Sur un parcours raccourci, le jeu d'équipe pourrait faire les affaires de certains coureurs, comme Konny Looser, récent troisième du Grand Raid, bien accompagné par Olivier Zurbrugg et Hansueli Stauffer. Ou encore des Allemands Jochen Käss et Markus Kaufmann qui courent également pour la même équipe. Le fait de pouvoir profiter de l'aspiration des coéquipiers sur les longues sections de plat pourrait s'avérer décisif, surtout si le vent est de la partie. Ceci ne semble pas inquiéter outre mesure Adrien Chenaux qui pourra aussi compter sur des coéquipiers à la hauteur: "Il faudra être malin sur cette course sprint. J’aurai à mon avantage la présence de Lars Schnyder à mes côtés. Nous venons de la route et on sait à quoi s’attendre ! Je mène le classement général et j’espère garder le maillot jusqu’à la prochaine course. Je suis donc dans une position défensive et ça me convient bien". Le protégé d'Alain Glassey est aussi convaincu d'avoir bien récupéré du Grand Raid: "J’ai ressenti une bonne fatigue et un état d’épuisement les 2-3 jours qui ont suivi le Grand Raid. Mais rien d'anormal et j’ai eu la chance de pouvoir effectuer quelques séances de cryothérapie chez mon sponsor « Hibernatus » et également d’être massé. Je suis confiant dans ma récupération pour samedi." Tous les voyants sont donc au vert pour le Fribourgeois!

L'autre inconnue du jour sera forcément la présence ou non d'Urs Huber, triple vainqueur du National Park Bike Marathon. Jusqu'à sa chute il y a deux semaines à l'Eiger Bike Challenge, où une triple fracture de la clavicule l'a forcé à se retirer, le Mettmenstetter était en tête de la Bike Marathon Classics.

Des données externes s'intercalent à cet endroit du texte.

(* Let $d\in\mathbb{N}$, $n\geq 3$, and let $k$ be a nonnegative integer with $k\leq \frac{n}{4d+6}-d-5$. Let $G$ and $H$ be graphs on $n$ vertices, each with average degree at most $d$. Suppose there are distinct vertices $u_1,\dots,u_{n-k}$ of $G$ and distinct vertices $w_1,\dots,w_{n-k}$ of $H$ such that $G-u_i\cong H-w_i$ for every $i\in[n-k]$. Then $|E(G)|=|E(H)|$. (That is, the number of edges of a graph with average degree at most $d$ can be reconstructed from any deck missing at most $\frac{n}{4d+6}-d-5$ cards.)
   Context: All graphs are finite, simple and undirected. For a graph $G$ and $v\in V(G)$, the card $G-v$ is the graph obtained by deleting $v$ and all edges incident to it; the deck of $G$ is the multiset of unlabelled cards $G-v$, $v\in V(G)$. The average degree of an $n$-vertex graph with $m$ edges is $2m/n$. *)

theory Defs
  imports Complex_Main
begin

definition simple_graph :: "'a set \<Rightarrow> 'a set set \<Rightarrow> bool" where
  "simple_graph V E \<longleftrightarrow> finite V \<and> (\<forall>e\<in>E. e \<subseteq> V \<and> card e = 2)"

definition del_vertex_edges :: "'a set set \<Rightarrow> 'a \<Rightarrow> 'a set set" where
  "del_vertex_edges E v = {e \<in> E. v \<notin> e}"

definition graph_iso :: "'a set \<Rightarrow> 'a set set \<Rightarrow> 'b set \<Rightarrow> 'b set set \<Rightarrow> bool" where
  "graph_iso V1 E1 V2 E2 \<longleftrightarrow>
     (\<exists>f. bij_betw f V1 V2 \<and> (\<forall>x\<in>V1. \<forall>y\<in>V1. {x, y} \<in> E1 \<longleftrightarrow> {f x, f y} \<in> E2))"

definition avg_degree :: "'a set \<Rightarrow> 'a set set \<Rightarrow> real" where
  "avg_degree V E = 2 * real (card E) / real (card V)"

end

theory Submission
  imports Defs
begin

text \<open>Suppose e(G) > e(H). A common card G - u \<cong> H - w forces
  deg u - deg w = e(G) - e(H) \<ge> 1. A card also determines the capped degree sum \<Psi>,
  the sum of min(deg v, T) over all vertices v, and deleting u lowers \<Psi> by
  min(deg u, T) + \<lambda>(u), where \<lambda>(u) counts the neighbours of u of degree at most T.
  Summing these identities over the n - k common cards, and bounding the \<lambda>-sums by
  \<Psi> and by the handshake lemma, gives a quadratic inequality in n that fails once
  k \<le> n / (4d + 6) - d - 5. The cap T = 2d + 2 leaves fewer than dn / (2d + 3)
  vertices of degree above T, the only vertices whose capped degree need not drop
  from G to H.\<close>

definition neighbours :: "'a set \<Rightarrow> 'a set set \<Rightarrow> 'a \<Rightarrow> 'a set" where
  "neighbours V E v = {y \<in> V. {v, y} \<in> E}"

definition degree :: "'a set \<Rightarrow> 'a set set \<Rightarrow> 'a \<Rightarrow> nat" where
  "degree V E v = card (neighbours V E v)"

definition capped_degree_sum :: "nat \<Rightarrow> 'a set \<Rightarrow> 'a set set \<Rightarrow> nat" where
  "capped_degree_sum T V E = (\<Sum>v\<in>V. min (degree V E v) T)"
(* Let $q$ be a power of $2$, $a\in\mathbb{F}_q$, and $n\ge1$ an integer with $\gcd(n+1,q)=1$. Then $n$ is even, and the code $C_n(a)$ is LCD if and only if $$a\notin\{-1+\theta^i+\theta^{-i} : 1\le i\le n/2\},$$ where $\theta\in\overline{\mathbb{F}}_q$ is a primitive $(n+1)$-th root of unity.
   Context: For $a\in\mathbb{F}_q$ and $n \ge 1$, $T_n(a)$ denotes the $n\times n$ symmetric tridiagonal Toeplitz matrix over $\mathbb{F}_q$ with all diagonal entries equal to $a$, all entries on the first super- and sub-diagonals equal to $1$, and all other entries $0$. $C_n(a)$ is the $[2n,n]$ linear code over $\mathbb{F}_q$ with generator matrix $[I_n \mid T_n(a)]$. A linear code $C$ is LCD (linear complementary dual) if $C\cap C^\perp=\{0\}$, where $C^\perp$ is the dual with respect to the standard Euclidean inner product. *)

theory Defs
  imports "HOL-Algebra.Algebraic_Closure_Type"
begin

text \<open>Vectors of length m over a field are modelled as functions nat => 'a
  vanishing at all indices >= m; matrices as functions nat => nat => 'a.\<close>

definition vecs :: "nat \<Rightarrow> (nat \<Rightarrow> 'a::zero) set" where
  "vecs m = {x. \<forall>i\<ge>m. x i = 0}"

definition tridiag :: "nat \<Rightarrow> 'a::field \<Rightarrow> nat \<Rightarrow> nat \<Rightarrow> 'a" where
  "tridiag n a i j =
     (if i < n \<and> j < n then
        (if i = j then a else if i = j + 1 \<or> j = i + 1 then 1 else 0)
      else 0)"

definition genmat :: "nat \<Rightarrow> 'a::field \<Rightarrow> nat \<Rightarrow> nat \<Rightarrow> 'a" where
  "genmat n a i j =
     (if i < n \<and> j < 2 * n then
        (if j < n then (if i = j then 1 else 0) else tridiag n a i (j - n))
      else 0)"

definition row_code :: "nat \<Rightarrow> nat \<Rightarrow> (nat \<Rightarrow> nat \<Rightarrow> 'a::field) \<Rightarrow> (nat \<Rightarrow> 'a) set" where
  "row_code k m G = {x. \<exists>u \<in> vecs k. x = (\<lambda>j. if j < m then (\<Sum>i<k. u i * G i j) else 0)}"

definition Ccode :: "nat \<Rightarrow> 'a::field \<Rightarrow> (nat \<Rightarrow> 'a) set" where
  "Ccode n a = row_code n (2 * n) (genmat n a)"

definition dual_code :: "nat \<Rightarrow> (nat \<Rightarrow> 'a::field) set \<Rightarrow> (nat \<Rightarrow> 'a) set" where
  "dual_code m C = {y \<in> vecs m. \<forall>x\<in>C. (\<Sum>i<m. x i * y i) = 0}"

definition is_LCD :: "nat \<Rightarrow> (nat \<Rightarrow> 'a::field) set \<Rightarrow> bool" where
  "is_LCD m C \<longleftrightarrow> C \<inter> dual_code m C = {(\<lambda>_. 0)}"

definition primitive_root_of_unity :: "nat \<Rightarrow> 'a::field \<Rightarrow> bool" where
  "primitive_root_of_unity k \<theta> \<longleftrightarrow> \<theta> ^ k = 1 \<and> (\<forall>j. 0 < j \<and> j < k \<longrightarrow> \<theta> ^ j \<noteq> 1)"

end
lemma single_valued_rtrancl_succ:
  assumes "single_valued F" "(v, u) \<in> F" "(v, x) \<in> F\<^sup>*" "v \<noteq> x"
  shows "(u, x) \<in> F\<^sup>*"
proof -
  obtain y where "(v, y) \<in> F" "(y, x) \<in> F\<^sup>*"
    using assms(3,4) by (meson converse_rtranclE)
  with assms(1,2) show ?thesis by (auto dest: single_valuedD)
qed

lemma weak_rel_common_successor:
  assumes "single_valued F" "(u, v) \<in> weak_rel F"
  shows "\<exists>c. (u, c) \<in> F\<^sup>* \<and> (v, c) \<in> F\<^sup>*"
  using assms(2) unfolding weak_rel_def
proof (induction rule: rtrancl_induct)
  case (step v v')
  then obtain c where c: "(u, c) \<in> F\<^sup>*" "(v, c) \<in> F\<^sup>*" by blast
  show ?case
  proof (cases "(v, v') \<in> F")
    case True
    then show ?thesis
      using c single_valued_rtrancl_succ[OF assms(1) True c(2)]
        by (cases "v = c") (auto intro: rtrancl_into_rtrancl)
  next
    case False
    then have "(v', v) \<in> F" using step.hyps(2) by auto
    then show ?thesis using c by (meson converse_rtrancl_into_rtrancl)
  qed
qed blast

lemma finite_acyclic_reaches_root:
  assumes "finite F" "acyclic F"
  shows "\<exists>r. reaches_root F v r"
  unfolding reaches_root_def
  using finite_acyclic_wf_converse[OF assms]
proof (induction v rule: wf_induct_rule)
  case (less v)
  show ?case
  proof (cases "v \<in> Domain F")
    case True
    then obtain u where "(v, u) \<in> F" by blast
    with less obtain r where "(u, r) \<in> F\<^sup>*" "r \<notin> Domain F" by blast
    with \<open>(v, u) \<in> F\<close> show ?thesis by (meson converse_rtrancl_into_rtrancl)
  qed blast
qed

lemma rtrancl_Diff_out_arcs_to:
  "(x, v) \<in> R\<^sup>* \<Longrightarrow> (x, v) \<in> (R - {v} \<times> UNIV)\<^sup>*"
proof (induction rule: converse_rtrancl_induct)
  case (step x x')
  then show ?case by (cases "x = v") (auto intro: converse_rtrancl_into_rtrancl)
qed simp

lemma rtrancl_Diff_out_arcs_avoiding:
  "(x, y) \<in> R\<^sup>* \<Longrightarrow> (x, v) \<notin> R\<^sup>* \<Longrightarrow> (x, y) \<in> (R - {v} \<times> UNIV)\<^sup>*"
proof (induction rule: converse_rtrancl_induct)
  case (step x x')
  then have "x \<noteq> v" "(x', v) \<notin> R\<^sup>*" by (auto intro: converse_rtrancl_into_rtrancl)
  with step show ?case by (auto intro: converse_rtrancl_into_rtrancl)
qed simp

section \<open>In-forests of a weighted digraph\<close>

lemma weak_rel_equiv: "equiv UNIV (weak_rel F)"
  unfolding weak_rel_def
  by (intro equivI refl_rtrancl sym_rtrancl sym_Un_converse trans_rtrancl) auto

lemma rtrancl_weak_rel: "(a, b) \<in> F\<^sup>* \<Longrightarrow> (a, b) \<in> weak_rel F"
  unfolding weak_rel_def by (meson in_rtrancl_UnI)

lemma roots_weak_rel_eq:
  assumes "single_valued F" "(r, r') \<in> weak_rel F" "r \<notin> Domain F" "r' \<notin> Domain F"
  shows "r = r'"
proof -
  obtain c where "(r, c) \<in> F\<^sup>*" "(r', c) \<in> F\<^sup>*"
    using weak_rel_common_successor[OF assms(1,2)] by blast
  with assms(3,4) show ?thesis using Not_Domain_rtrancl by metis
qed

lemma weak_components_cases:
  assumes "C \<in> weak_components F"
  obtains x where "C = weak_rel F `` {x}"
  using assms unfolding weak_components_def by (auto elim: quotientE)

lemma weak_class_in_components: "weak_rel F `` {x} \<in> weak_components F"
  unfolding weak_components_def by (rule quotientI) simp

lemma outdeg_eq_0_iff: "outdeg F (v::'v::finite) = 0 \<longleftrightarrow> v \<notin> Domain F"
  by (simp add: outdeg_def Domain_iff)

lemma single_valued_iff_outdeg_le_1:
  "single_valued (F :: ('v::finite \<times> 'v) set) \<longleftrightarrow> (\<forall>v. outdeg F v \<le> 1)"
  by (auto simp: single_valued_def outdeg_def card_le_Suc0_iff_eq)

lemma forest_converging_tree_comp:
  fixes F :: "('v::finite \<times> 'v) set"
  assumes "forest F" "C \<in> weak_components F"
  shows "is_converging_tree_comp F C"
proof -
  have sv: "single_valued F" and ac: "acyclic F" using assms(1) by (auto simp: forest_def)
  obtain x where x: "C = weak_rel F `` {x}" using assms(2) by (rule weak_components_cases)
  obtain r where r: "(x, r) \<in> F\<^sup>*" "r \<notin> Domain F"
    using finite_acyclic_reaches_root[OF _ ac] by (auto simp: reaches_root_def)
  have "r \<in> C" using x rtrancl_weak_rel[OF r(1)] by simp
  have root_unique: "v = r" if "v \<in> C" "v \<notin> Domain F" for v
  proof -
    have "(v, r) \<in> weak_rel F"
      using quotient_eq_iff[OF weak_rel_equiv, of C F C v r] assms(2) that(1) \<open>r \<in> C\<close>
      by (simp add: weak_components_def)
    then show ?thesis using roots_weak_rel_eq[OF sv _ that(2) r(2)] by blast
  qed
  have "outdeg F v = 1" if "v \<in> C" "v \<noteq> r" for v
  proof -
    have "outdeg F v \<noteq> 0" using root_unique[OF that(1)] that(2) by (auto simp: outdeg_eq_0_iff)
    moreover have "outdeg F v \<le> 1" using sv by (simp add: single_valued_iff_outdeg_le_1)
    ultimately show ?thesis by linarith
  qed
  then show ?thesis
    unfolding is_converging_tree_comp_def
  proof (intro ex1I conjI ballI impI)
    show "r \<in> C" "outdeg F r = 0" using \<open>r \<in> C\<close> r(2) by (simp_all add: outdeg_eq_0_iff)
  next
    fix r' assume "r' \<in> C \<and> outdeg F r' = 0 \<and> (\<forall>v\<in>C. v \<noteq> r' \<longrightarrow> outdeg F v = 1)"
    then show "r' = r" using root_unique by (simp add: outdeg_eq_0_iff)
  qed
qed

lemma single_valued_trancl_cycle:
  assumes "single_valued F" "(x, x) \<in> F\<^sup>+" "(x, e) \<in> F\<^sup>*"
  shows "(e, e) \<in> F\<^sup>+"
  using assms(3)
proof (induction rule: rtrancl_induct)
  case (step e' e)
  obtain y where "(e', y) \<in> F" "(y, e') \<in> F\<^sup>*" using step.IH by (meson tranclD)
  with step.hyps(2) assms(1) have "(e, e') \<in> F\<^sup>*" by (auto dest: single_valuedD)
  with step.hyps(2) show ?case by (meson rtrancl_into_trancl1)
qed (use assms in simp)

lemma in_forest_imp_forest:
  fixes F :: "('v::finite \<times> 'v) set"
  assumes "in_forest w F"
  shows "forest F"
proof -
  have tree: "is_converging_tree_comp F (weak_rel F `` {v})" for v
    using assms weak_class_in_components[of F v] by (simp add: in_forest_def)
  have self: "v \<in> weak_rel F `` {v}" for v
    using weak_rel_equiv by (metis UNIV_I equiv_class_self)
  have "outdeg F v \<le> 1" for v
  proof -
    obtain r where "outdeg F r = 0" "\<forall>u \<in> weak_rel F `` {v}. u \<noteq> r \<longrightarrow> outdeg F u = 1"
      using tree[of v] unfolding is_converging_tree_comp_def by blast
    then show ?thesis using self[of v] by (cases "v = r") auto
  qed
  then have sv: "single_valued F" by (simp add: single_valued_iff_outdeg_le_1)
  have "(x, x) \<notin> F\<^sup>+" for x
  proof
    assume cyc: "(x, x) \<in> F\<^sup>+"
    obtain r where r: "(x, r) \<in> weak_rel F" "r \<notin> Domain F"
      using tree[of x] unfolding is_converging_tree_comp_def by (auto simp: outdeg_eq_0_iff)
    then obtain c where "(x, c) \<in> F\<^sup>*" "(r, c) \<in> F\<^sup>*"
      using weak_rel_common_successor[OF sv] by blast
    with r(2) have "(x, r) \<in> F\<^sup>*" by (simp add: Not_Domain_rtrancl)
    then have "(r, r) \<in> F\<^sup>+" by (rule single_valued_trancl_cycle[OF sv cyc])
    with r(2) show False by (meson Domain.DomainI tranclD)
  qed
  with sv show ?thesis by (simp add: forest_def acyclic_def)
qed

Trois jours seulement après l'opération, qu'il avait effectuée lundi après la course, le jeune homme de 33 ans était de retour sur son vélo pour une sortie de 100km - avec une liberté de mouvement pratiquement illimitée et presque sans douleur ! "Vendredi, après une courte séance d'entraînement, je déciderai si je vais concourir en Engadine", a-t-il dit. 

En ce qui concerne la course féminine, la leader de la série, Esther Süss est celle qui aura sans doute le plus à perdre sur ce parcours raccourci. Les terrains de prédilection de la coureuse de 44 ans sont les montées longues et raides. Elle aura donc fort à faire contre des jeunes coureuses comme Alessia Nay , qui jusqu'à l'année dernière était l'un des prétendants à la victoire sur la distance moyenne. Ou de Janine Schneider, qui, comme Nay, n'a que 23 ans.